November 16, 2004

Annals of Alarmist Parenting, Part 1

Today, some parenting 'advice' from Jan Faull, MEd (taken from HealthyKids.com):

Q. My 15-year-old daughter has been dating an older boy from another school for about 6 months. Both my wife and I like the boyfriend, and of course we trust our daughter, who has always been responsible and outgoing. However, they are extremely affectionate around each other, constantly holding hands and often kissing and hugging."

Surely not!

"And my daughter has recently begun to wear shorter skirts and more revealing shirts."

The slut!

" . . . How should we handle this situation?"

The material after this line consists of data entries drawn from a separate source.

(* Let $\mathfrak{g}$ be a filiform Lie algebra of dimension $n$ over a field $K$ of characteristic zero, with adapted basis $\{e_1,\dots,e_n\}$ and $\mathfrak{g}_i=\langle e_i,\dots,e_n\rangle$. Suppose $[\mathfrak{g}_k,\mathfrak{g}_k]=0$ for some $k\ge2$. Then $\chi(\mathfrak{g})\ge n-2(k-1)$.
   Context: A filiform Lie algebra of dimension $n$ is a nilpotent Lie algebra with $\dim\mathfrak{g}^k=n-k$ for $2\le k\le n$ (lower central series $\mathfrak{g}^1=\mathfrak{g}$, $\mathfrak{g}^{k+1}=[\mathfrak{g},\mathfrak{g}^k]$). An adapted basis is a basis $\{e_1,\dots,e_n\}$ with $[e_1,e_i]=e_{i+1}$ ($2\le i\le n-1$), $[e_1,e_n]=0$, $[e_2,e_3]\in\langle e_5,\dots,e_n\rangle$; such bases exist. For $\ell\in\mathfrak{g}^*$, $\mathfrak{g}(\ell)=\{y\in\mathfrak{g}\mid\ell([x,y])=0\ \forall x\in\mathfrak{g}\}$ and $\chi(\mathfrak{g})=\min_{\ell\in\mathfrak{g}^*}\dim\mathfrak{g}(\ell)$. *)

theory Defs
  imports Main "HOL.Vector_Spaces"
begin

definition lie_algebra ::
  "('k::field \<Rightarrow> 'v::ab_group_add \<Rightarrow> 'v) \<Rightarrow> ('v \<Rightarrow> 'v \<Rightarrow> 'v) \<Rightarrow> bool" where
  "lie_algebra sc br \<longleftrightarrow>
     Vector_Spaces.vector_space sc \<and>
     (\<forall>x y z. br (x + y) z = br x z + br y z) \<and>
     (\<forall>x y z. br x (y + z) = br x y + br x z) \<and>
     (\<forall>a x y. br (sc a x) y = sc a (br x y)) \<and>
     (\<forall>a x y. br x (sc a y) = sc a (br x y)) \<and>
     (\<forall>x. br x x = 0) \<and>
     (\<forall>x y z. br x (br y z) + br y (br z x) + br z (br x y) = 0)"

fun lower_central ::
  "('k::field \<Rightarrow> 'v::ab_group_add \<Rightarrow> 'v) \<Rightarrow> ('v \<Rightarrow> 'v \<Rightarrow> 'v) \<Rightarrow> nat \<Rightarrow> 'v set" where
  "lower_central sc br 0 = UNIV"
| "lower_central sc br (Suc 0) = UNIV"
| "lower_central sc br (Suc (Suc k)) =
     module.span sc {br x y | x y. y \<in> lower_central sc br (Suc k)}"

definition nilpotent_lie ::
  "('k::field \<Rightarrow> 'v::ab_group_add \<Rightarrow> 'v) \<Rightarrow> ('v \<Rightarrow> 'v \<Rightarrow> 'v) \<Rightarrow> bool" where
  "nilpotent_lie sc br \<longleftrightarrow> (\<exists>m\<ge>1. lower_central sc br m = {0})"

definition filiform ::
  "('k::field \<Rightarrow> 'v::ab_group_add \<Rightarrow> 'v) \<Rightarrow> ('v \<Rightarrow> 'v \<Rightarrow> 'v) \<Rightarrow> nat \<Rightarrow> bool" where
  "filiform sc br n \<longleftrightarrow>
     lie_algebra sc br \<and> vector_space.dim sc (UNIV :: 'v set) = n \<and>
     nilpotent_lie sc br \<and>
     (\<forall>k. 2 \<le> k \<and> k \<le> n \<longrightarrow> vector_space.dim sc (lower_central sc br k) = n - k)"

definition adapted_basis ::
  "('k::field \<Rightarrow> 'v::ab_group_add \<Rightarrow> 'v) \<Rightarrow> ('v \<Rightarrow> 'v \<Rightarrow> 'v) \<Rightarrow> nat \<Rightarrow> (nat \<Rightarrow> 'v) \<Rightarrow> bool" where
  "adapted_basis sc br n e \<longleftrightarrow>
     inj_on e {1..n} \<and>
     \<not> module.dependent sc (e ` {1..n}) \<and>
     module.span sc (e ` {1..n}) = UNIV \<and>
     (\<forall>i. 2 \<le> i \<and> i \<le> n - 1 \<longrightarrow> br (e 1) (e i) = e (i + 1)) \<and>
     br (e 1) (e n) = 0 \<and>
     br (e 2) (e 3) \<in> module.span sc (e ` {5..n})"

definition stabilizer ::
  "('v \<Rightarrow> 'v \<Rightarrow> 'v) \<Rightarrow> ('v \<Rightarrow> 'k::zero) \<Rightarrow> 'v set" where
  "stabilizer br l = {y. \<forall>x. l (br x y) = 0}"

definition chi ::
  "('k::field \<Rightarrow> 'v::ab_group_add \<Rightarrow> 'v) \<Rightarrow> ('v \<Rightarrow> 'v \<Rightarrow> 'v) \<Rightarrow> nat" where
  "chi sc br = Min {vector_space.dim sc (stabilizer br l) | l.
                      Vector_Spaces.linear sc ((*) :: 'k \<Rightarrow> 'k \<Rightarrow> 'k) l}"

end

theory Submission
  imports Defs
begin

(* Fix a functional l. The ideal g_k = <e_k, ..., e_n> is abelian of dimension n - k + 1, so for
   y in g_k the values l[e_j, y] with j >= k vanish, and y lies in g(l) as soon as the k - 1 linear
   conditions l[e_i, y] = 0, i < k, hold. Each condition lowers the dimension by at most one,
   whence dim g(l) >= (n - k + 1) - (k - 1). *)

context finite_dimensional_vector_space
begin

lemma dim_le_dim_inter_kernel:
  assumes S: "subspace S" and f: "Vector_Spaces.linear scale ((*) :: 'a \<Rightarrow> 'a \<Rightarrow> 'a) f"
  shows "dim S \<le> dim (S \<inter> {y. f y = 0}) + 1"
proof (cases "S \<subseteq> {y. f y = 0}")
  case True
  then show ?thesis by (simp add: Int_absorb2)
next
  case False
  then obtain s where s: "s \<in> S" "f s \<noteq> 0" by blast
  interpret f: linear scale "(*)" f by fact
  let ?T = "S \<inter> {y. f y = 0}"
  have "v \<in> span (insert s ?T)" if v: "v \<in> S" for v
  proof -
    define c where "c = f v / f s"
    have "v - c *s s \<in> ?T"
      using v s S by (simp add: subspace_diff subspace_scale f.diff f.scale c_def)
    then have "(v - c *s s) + c *s s \<in> span (insert s ?T)"
      by (intro span_add) (simp_all add: span_base span_scale)
    then show ?thesis by simp
  qed
  then have "dim S \<le> dim (insert s ?T)" by (intro dim_mono) blast
  also have "\<dots> \<le> dim ?T + 1" by (simp add: dim_insert)
  finally show ?thesis .
qed

lemma dim_le_dim_inter_kernels:
  assumes "finite I" and S: "subspace S"
    and f: "\<And>i. i \<in> I \<Longrightarrow> Vector_Spaces.linear scale ((*) :: 'a \<Rightarrow> 'a \<Rightarrow> 'a) (f i)"
  shows "dim S \<le> dim (S \<inter> {y. \<forall>i\<in>I. f i y = 0}) + card I"
  using \<open>finite I\<close> f
proof (induction I rule: finite_induct)
  case empty
  then show ?case by simp
next
  case (insert i I)
  let ?T = "S \<inter> {y. \<forall>j\<in>I. f j y = 0}"
  have "subspace ?T"
  proof -
    have "?T = S \<inter> \<Inter> ((\<lambda>j. {y. f j y = 0}) ` I)" by auto
    moreover have "subspace {y. f j y = 0}" if "j \<in> I" for j
    proof -
      interpret linear scale "(*)" "f j" using insert.prems that by simp
      show ?thesis by (rule subspace_kernel)
    qed
    ultimately show ?thesis by (simp add: S subspace_Inter subspace_inter)
  qed
  then have "dim ?T \<le> dim (?T \<inter> {y. f i y = 0}) + 1"
    by (rule dim_le_dim_inter_kernel) (simp add: insert.prems)
  moreover have "?T \<inter> {y. f i y = 0} = S \<inter> {y. \<forall>j\<in>insert i I. f j y = 0}" by auto
  ultimately show ?case using insert by simp
qed

end

lemma
  assumes "lie_algebra sc br" and "Vector_Spaces.linear sc ((*) :: 'k::field \<Rightarrow> 'k \<Rightarrow> 'k) l"
  shows linear_bracket_left: "Vector_Spaces.linear sc (*) (\<lambda>x. l (br x y))"
    and linear_bracket_right: "Vector_Spaces.linear sc (*) (\<lambda>y. l (br x y))"
  using assms unfolding lie_algebra_def linear_iff by simp_all

lemma mem_stabilizerI:
  assumes lie: "lie_algebra sc br" and l: "Vector_Spaces.linear sc ((*) :: 'k::field \<Rightarrow> 'k \<Rightarrow> 'k) l"
    and B: "module.span sc B = UNIV" and y: "\<And>b. b \<in> B \<Longrightarrow> l (br b y) = 0"
  shows "y \<in> stabilizer br l"
proof -
  interpret linear sc "(*)" "\<lambda>x. l (br x y)" using linear_bracket_left[OF lie l] .
  show ?thesis unfolding stabilizer_def using eq_0_on_span[OF y] B by simp
qed

context finite_dimensional_vector_space
begin

lemma dim_abelian_le_dim_stabilizer:
  assumes lie: "lie_algebra scale br" and l: "Vector_Spaces.linear scale ((*) :: 'a \<Rightarrow> 'a \<Rightarrow> 'a) l"
    and A: "subspace A" and abelian: "\<And>x y. x \<in> A \<Longrightarrow> y \<in> A \<Longrightarrow> br x y = 0"
    and C: "C \<subseteq> Basis" "Basis - C \<subseteq> A"
  shows "dim A \<le> dim (stabilizer br l) + card C"
proof -
  interpret l: linear scale "(*)" l by fact
  let ?W = "A \<inter> {y. \<forall>c\<in>C. l (br c y) = 0}"
  have "finite C" using C(1) finite_Basis by (rule finite_subset)
  then have "dim A \<le> dim ?W + card C"
    by (intro dim_le_dim_inter_kernels A linear_bracket_right[OF lie l])
  moreover have "?W \<subseteq> stabilizer br l"
  proof
    fix y assume y: "y \<in> ?W"
    have "l (br b y) = 0" if "b \<in> Basis" for b
    proof (cases "b \<in> C")
      case False
      then have "br b y = 0" using that y C(2) abelian by blast
      then show ?thesis using l.zero by simp
    qed (use y in blast)
    then show "y \<in> stabilizer br l" by (rule mem_stabilizerI[OF lie l span_Basis])
  qed
  then have "dim ?W \<le> dim (stabilizer br l)" by (rule dim_subset)
  ultimately show ?thesis by simp
qed

lemma le_chiI:
  assumes "\<And>l. Vector_Spaces.linear scale ((*) :: 'a \<Rightarrow> 'a \<Rightarrow> 'a) l \<Longrightarrow> m \<le> dim (stabilizer br l)"
  shows "m \<le> chi scale br"
proof -
  let ?D = "{dim (stabilizer br l) | l. Vector_Spaces.linear scale ((*) :: 'a \<Rightarrow> 'a \<Rightarrow> 'a) l}"
  have "finite ?D" by (rule finite_subset[of _ "{..dimension}"]) (auto intro: dim_subset_UNIV)
  moreover have "Vector_Spaces.linear scale ((*) :: 'a \<Rightarrow> 'a \<Rightarrow> 'a) (\<lambda>_. 0)"
  proof -
    have "vector_space ((*) :: 'a \<Rightarrow> 'a \<Rightarrow> 'a)"
      by unfold_locales (simp_all add: algebra_simps)
    then show ?thesis by (simp add: linear_iff vector_space_axioms)
  qed
  then have "?D \<noteq> {}" by blast
  ultimately have "chi scale br \<in> ?D" unfolding chi_def by (rule Min_in)
  then show ?thesis using assms by auto
qed

end

theorem theorem6p4:
  fixes sc :: "'k::field_char_0 \<Rightarrow> 'v::ab_group_add \<Rightarrow> 'v"
    and br :: "'v \<Rightarrow> 'v \<Rightarrow> 'v"
    and n k :: nat
    and e :: "nat \<Rightarrow> 'v"
  assumes "filiform sc br n"
    and "adapted_basis sc br n e"
    and "2 \<le> k"
    and "\<forall>x \<in> module.span sc (e ` {k..n}). \<forall>y \<in> module.span sc (e ` {k..n}). br x y = 0"
  shows "int (chi sc br) \<ge> int n - 2 * (int k - 1)"
proof (cases "k \<le> n")
  case False
  then show ?thesis by simp
next
  case True
  have lie: "lie_algebra sc br" using assms(1) by (simp add: filiform_def)
  interpret finite_dimensional_vector_space sc "e ` {1..n}"
    using lie assms(2) by unfold_locales (auto simp: lie_algebra_def adapted_basis_def vector_space_def)
  let ?A = "span (e ` {k..n})"
  have sub: "{k..n} \<subseteq> {1..n}" using assms(3) by auto
  have "inj_on e {k..n}"
    using assms(2) sub by (auto simp: adapted_basis_def intro: inj_on_subset)
  moreover have "independent (e ` {k..n})"
    using independent_mono[OF independent_Basis image_mono[OF sub]] .
  ultimately have dim_A: "dim ?A = n + 1 - k"
    using True by (simp add: dim_eq_card_independent card_image)
  have outside_A: "e ` {1..n} - e ` {1..<k} \<subseteq> ?A"
    by (clarsimp intro!: span_base) (metis atLeastAtMost_iff atLeastLessThan_iff image_eqI not_le)
  have card_low: "card (e ` {1..<k}) \<le> k - 1"
    using card_image_le[of "{1..<k}" e] by simp
  have "n + 2 - 2 * k \<le> chi sc br"
  proof (rule le_chiI)
    fix l assume "Vector_Spaces.linear sc (*) l"
    then have "dim ?A \<le> dim (stabilizer br l) + card (e ` {1..<k})"
      using assms(4) True outside_A
      by (intro dim_abelian_le_dim_stabilizer[OF lie]) (auto intro: span_base)
    then show "n + 2 - 2 * k \<le> dim (stabilizer br l)"
      using dim_A card_low assms(3) by linarith
  qed
  then show ?thesis using assms(3) by (simp split: nat_diff_split_asm)
qed

end
(* Let $\Delta\in(0,1)$. (i) If $N\ge 8\gamma_{4k}^{-1}\ln(2/\Delta)+12k\ln(2R/\Delta)$ (with $\gamma_{4k}>0$), then with probability at least $1-\Delta$, $$1-\widehat\tau\ge\frac{C}{2}\left[1+\frac{1-\gamma_{4k}}{\gamma_{4k}}\bar C\right]^{-1}(1-\tau).$$ (ii) If $N\ge 3\gamma_{2k}^{-1}\ln(2/\Delta)+16k\ln(2R/\Delta)$ (with $\gamma_{2k}>0$), then with probability at least $1-\Delta$, $$1-\tau\ge\frac{C}{2}\left[1+\frac{1-\widehat\gamma_{4k}}{\widehat\gamma_{4k}}\bar C\right]^{-1}(1-\widehat\tau)$$ (where the right-hand side is read as $0$ if $\widehat\gamma_{4k}=0$).
   Context: Let $R\ge 2$ be an integer and $\rho=(\rho_1,\dots,\rho_R)$ a probability vector with $\rho_r>0$ for all $r$. Let $Y_1,\dots,Y_N$ be i.i.d. labels with $\mathbb P(Y_j=r)=\rho_r$, $N_r=|\{j:Y_j=r\}|$, $\widehat\rho_r=N_r/N$. Fix an integer $k\ge1$. Set $\tau:=1-\sum_{r}\rho_r(1-\rho_r)^k$ and $\widehat\tau:=1-\sum_r\widehat\rho_r(1-\widehat\rho_r)^k$. For $\alpha\ge1$ define $\gamma_\alpha:=\sum_{r:\rho_r\le 1/\alpha}\rho_r$ and $\widehat\gamma_\alpha:=\sum_{r:\widehat\rho_r\le1/\alpha}\widehat\rho_r$. Let $C:=\inf_{k'\ge1}\left(1-\frac{1}{2k'}\right)^{k'}$ and $\bar C:=\sup_{k'\ge1}\left(1-\frac{1}{4k'}\right)^{k'}$, the infimum/supremum over positive integers $k'$. *)

theory Defs
  imports "HOL-Analysis.Analysis"
begin

text \<open>Labels are 0..R-1 (instead of 1..R); a label sample is a function
  Y on {..<N} with values in {..<R}.\<close>

text \<open>Probability of an event E under N i.i.d. labels with law rho:
  the product distribution, written as an explicit finite sum.\<close>
definition sample_prob :: "nat \<Rightarrow> nat \<Rightarrow> (nat \<Rightarrow> real) \<Rightarrow> ((nat \<Rightarrow> nat) \<Rightarrow> bool) \<Rightarrow> real" where
  "sample_prob R N rho E =
     (\<Sum>Y\<in>{Y \<in> {..<N} \<rightarrow>\<^sub>E {..<R}. E Y}. \<Prod>j<N. rho (Y j))"
section \<open>The fibres of the Hilbert map are orbits\<close>

text \<open>If \<open>y\<close> is not in the orbit of \<open>x\<close>, the product over \<open>G\<close> of translates of a polynomial
  vanishing at \<open>x\<close> and equal to \<open>1\<close> on the orbit of \<open>y\<close> is an invariant polynomial
  separating \<open>x\<close> and \<open>y\<close>; it factors through \<open>\<sigma>\<close>, so \<open>\<sigma> x \<noteq> \<sigma> y\<close>.\<close>
theorem hilbert_map_fibres_are_orbits:
  assumes G: "group G" and fin: "finite (carrier G)" and la: "linear_action G \<phi>"
    and h: "hilbert_map G \<phi> \<sigma>" and eq: "\<sigma> x = \<sigma> y"
  shows "\<exists>g\<in>carrier G. y = \<phi> g x"
proof (rule ccontr)
  assume not_orbit: "\<not> ?thesis"
  interpret group G by (rule G)
  define B where "B = (\<lambda>g. \<phi> g y) ` carrier G"
  have "x \<notin> B"
  proof
    assume "x \<in> B"
    then obtain k where k: "k \<in> carrier G" "x = \<phi> k y" unfolding B_def by blast
    then have "y = \<phi> (inv\<^bsub>G\<^esub> k) x"
      using la by (simp add: linear_action_mult[symmetric] linear_action_one)
    then show False using not_orbit k by auto
  qed
  then have "\<forall>b\<in>B. \<exists>l. cpoly_fun l \<and> l x = 1 \<and> l b = 0"
    using cpoly_fun_separates_points by metis
  then obtain l where l: "\<And>b. b \<in> B \<Longrightarrow> cpoly_fun (l b) \<and> l b x = 1 \<and> l b b = 0"
    by metis
  define r where "r = (\<lambda>z. 1 - (\<Prod>b\<in>B. l b z))"
  define f where "f = (\<lambda>z. \<Prod>g\<in>carrier G. r (\<phi> g z))"
  have "cpoly_fun r"
    unfolding r_def by (rule cpoly_fun_diff[OF cpoly_fun.const cpoly_fun_prod]) (use l fin in \<open>auto simp: B_def\<close>)
  then have "cpoly_fun f"
    unfolding f_def by (rule cpoly_fun_prod[OF fin cpoly_fun_compose[OF _ cpoly_fun_linear_action[OF la]]])
  moreover have "invariant_fun G \<phi> f"
    unfolding invariant_fun_def
  proof (intro ballI allI)
    fix k z assume k: "k \<in> carrier G"
    have "f (\<phi> k z) = (\<Prod>g\<in>carrier G. r (\<phi> (g \<otimes>\<^bsub>G\<^esub> k) z))"
      unfolding f_def using k la by (simp add: linear_action_mult)
    also have "\<dots> = f z" unfolding f_def
      by (rule prod.reindex_bij_witness[of _ "\<lambda>g. g \<otimes>\<^bsub>G\<^esub> inv\<^bsub>G\<^esub> k" "\<lambda>g. g \<otimes>\<^bsub>G\<^esub> k"])
         (use k in \<open>auto simp: m_assoc\<close>)
    finally show "f (\<phi> k z) = f z" .
  qed
  ultimately obtain P where "\<forall>z. f z = P (\<sigma> z)" using h unfolding hilbert_map_def by blast
  then have "f x = f y" using eq by simp
  moreover have "f x = 0"
  proof -
    have "(\<Prod>b\<in>B. l b x) = 1" by (intro prod.neutral ballI) (simp add: l)
    then have "r (\<phi> \<one>\<^bsub>G\<^esub> x) = 0" unfolding r_def using la by (simp add: linear_action_one)
    then show ?thesis unfolding f_def using fin by (intro prod_zero) auto
  qed
  moreover have "f y = 1"
  proof -
    have finB: "finite B" unfolding B_def using fin by simp
    have "(\<Prod>b'\<in>B. l b' b) = 0" if "b \<in> B" for b
      by (rule prod_zero[OF finB bexI[of _ b]]) (use l that in simp_all)
    then have "r b = 1" if "b \<in> B" for b unfolding r_def using that by simp
    then show ?thesis unfolding f_def B_def by (intro prod.neutral) blast
  qed
  ultimately show False by simp
qed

Jan Faull, MEd, what should they do?

"You cannot leave this situation to chance. It's best to bring up the issue of premature and premarital sex, and voice your concerns. Talk of your hopes and dreams for your child's future."

'I hope you die a virgin.'

" . . . To forbid your daughter to have sex or to deny her contraception is naive. To think that you can watch your daughter and her boyfriend at all times is unrealistic. Teens are very skilled about finding a way to satisfy their sexual urges."

Crafty little buggers.

"Let her know the message her clothing conveys; it suggests she's interested in revealing her body and possibly satisfying her sexual desires."

Mom: Honey, I'm concerned about the message your clothing conveys. Do you realize that it suggests you're interested in revealing your body and . . . [*looks around, then continues sotto voce*] possibly even satisfying your sexual desires?

Daughter: No shit, mom.

"Telling a sexually interested or active teenager to not engage in sexual activity is like shoveling sand against the adolescent tide."

Therefore, the only solution is to actually bury them in sand.

" . . . Despite the need to open up dialogue with your daughter about her clothes and public displays of affection, it's important to let her know that you love her no matter what."

You know, despite her brazen harlotry.

" . . . Proceed with love and determination to make your points regardless of how you fear your daughter will respond.

Unless she's been brandishing a revolver and getting murderous glints in her eye whenever you come near her. Then it's probably best to leave it.

Tomorrow: What to do if you suspect your child of-- *gasp!*-- partying.